EFF wrote Sony a letter asking them to rectify the mess they made, and Sony wrote back [PDF]. EFF wasn't satisfied with the Sony response, so they are asking the court to provide the relief they feel is due consumers:
In its response, Sony BMG did not agree to provide compensation or to discuss a process for assessing claims. Therefore, Plaintiffs and the Class also request (a) actual damages; (b) restitution of money to Plaintiffs and Class members; (c) punitive damages; (d) attorneys' fees and costs; and (e) other relief that this Court deems proper."
They also ask for an order enjoining Sony from engaging in the methods, acts or practices alleged herein, including an order enjoining Sony from continuing to sell and martket XCP and MediaMax CDs and continuing to disclaim the risks of using such CDs.
One paragraph in the letter stands out:
Sony BMG encourages legitimate security research into copy protection technologies and, accordingly, Sony BMG will not assert claims under title 17 of the United States Code (or similar statutes in other countries) against legitimate security researchers who have been, are or will be working to identify security problems with copy protection technologies used on Sony BMG compact discs.

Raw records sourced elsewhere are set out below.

text \<open>Near the diagonal \<open>(c - x)\<^sub>+\<^sup>q\<^sup>-\<^sup>\<alpha>\<close> is evaluated at \<open>c - x \<le> 2p/n\<close>, which together with the
  scaling \<open>n\<^sup>-\<^sup>\<alpha>\<close> compensates the size \<open>O(n\<^sup>q)\<close> of its coefficient; when \<open>q < \<alpha>\<close> this also
  needs \<open>1 - x \<ge> 1/(n p)\<close>.\<close>

lemma near_interior_term_le:
  assumes n: "1 \<le> n" and p: "2 \<le> p" and \<alpha>: "0 \<le> \<alpha>" "\<alpha> < 2"
    and r: "interior_knot p n r" "J \<le> r" "r \<le> J+p+1"
    and close: "knot p n (J+p+1) - x \<le> 2 * real p / real n"
  shows "real n powr (- \<alpha>) * \<bar>trunc_coeff p n p J r * rl_trunc_pow \<alpha> p (knot p n r) x\<bar>
    \<le> real (p+1) * rl_coeff_bound \<alpha> p * (2 * real p) ^ p"
proof -
  define N where "N = real n"
  have N0: "0 < N" using n by (simp add: N_def)
  have K0: "0 \<le> rl_coeff_bound \<alpha> p" by (rule rl_coeff_bound_nonneg)
  have a: "\<bar>trunc_coeff p n p J r\<bar> \<le> real (p+1) * N ^ p"
    using abs_trunc_coeff_le[OF n r] by (simp add: N_def)
  have "knot p n r \<le> knot p n (J+p+1)" using r by (intro knot_mono[OF n])
  with close have "pos_powr (real p - \<alpha>) (knot p n r - x) \<le> (2 * real p / N) powr (real p - \<alpha>)"
    using \<alpha> p N0 by (intro pos_powr_le) (auto simp: N_def)
  then have f: "\<bar>rl_trunc_pow \<alpha> p (knot p n r) x\<bar> \<le> rl_coeff_bound \<alpha> p * (2 * real p / N) powr (real p - \<alpha>)"
    by (rule order_trans[OF abs_rl_trunc_pow_le[OF order_refl] mult_left_mono[OF _ K0]])
  have "N powr (- \<alpha>) * \<bar>trunc_coeff p n p J r * rl_trunc_pow \<alpha> p (knot p n r) x\<bar>
      \<le> N powr (- \<alpha>) * (real (p+1) * N ^ p * (rl_coeff_bound \<alpha> p * (2 * real p / N) powr (real p - \<alpha>)))"
    unfolding abs_mult by (intro mult_left_mono mult_mono a f) (use N0 in auto)
  also have "\<dots> = real (p+1) * rl_coeff_bound \<alpha> p * (N powr (- \<alpha>) * N powr real p * (2 * real p / N) powr (real p - \<alpha>))"
    using N0 by (simp add: powr_realpow)
  also have "N powr (- \<alpha>) * N powr real p * (2 * real p / N) powr (real p - \<alpha>) = (2 * real p) powr (real p - \<alpha>)"
    using N0 p by (simp add: powr_divide powr_add[symmetric] powr_diff)
  also have "(2 * real p) powr (real p - \<alpha>) \<le> (2 * real p) ^ p"
    using p \<alpha> by (intro powr_le_power) auto
  finally show ?thesis using K0 by (simp add: N_def mult_left_mono)
qed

How do they define "legitimate security researchers"? And does the carefully worded statement mean they might sue illegitimate researchers? Is Mark Russinovich legimitate in Sony's eyes? I also note that Sony calls the CDs "enhanced" in paragraph 12. They still don't seem to get it.
I took some quick notes from the complaint, and I do mean quick, so don't expect word-for-word. Check the original for precision, please:
-- Sony BMG has engaged in deceptive practices, unlawful methods of competition and/or unfair acts as defined by Civ. Code Section 1770, to the detriment of Plaintiffs and the Class. Plaintiffs and members of the Class have suffered harm as a proximate result of the violations of law and wrongful conduct of Defendant alleged herein.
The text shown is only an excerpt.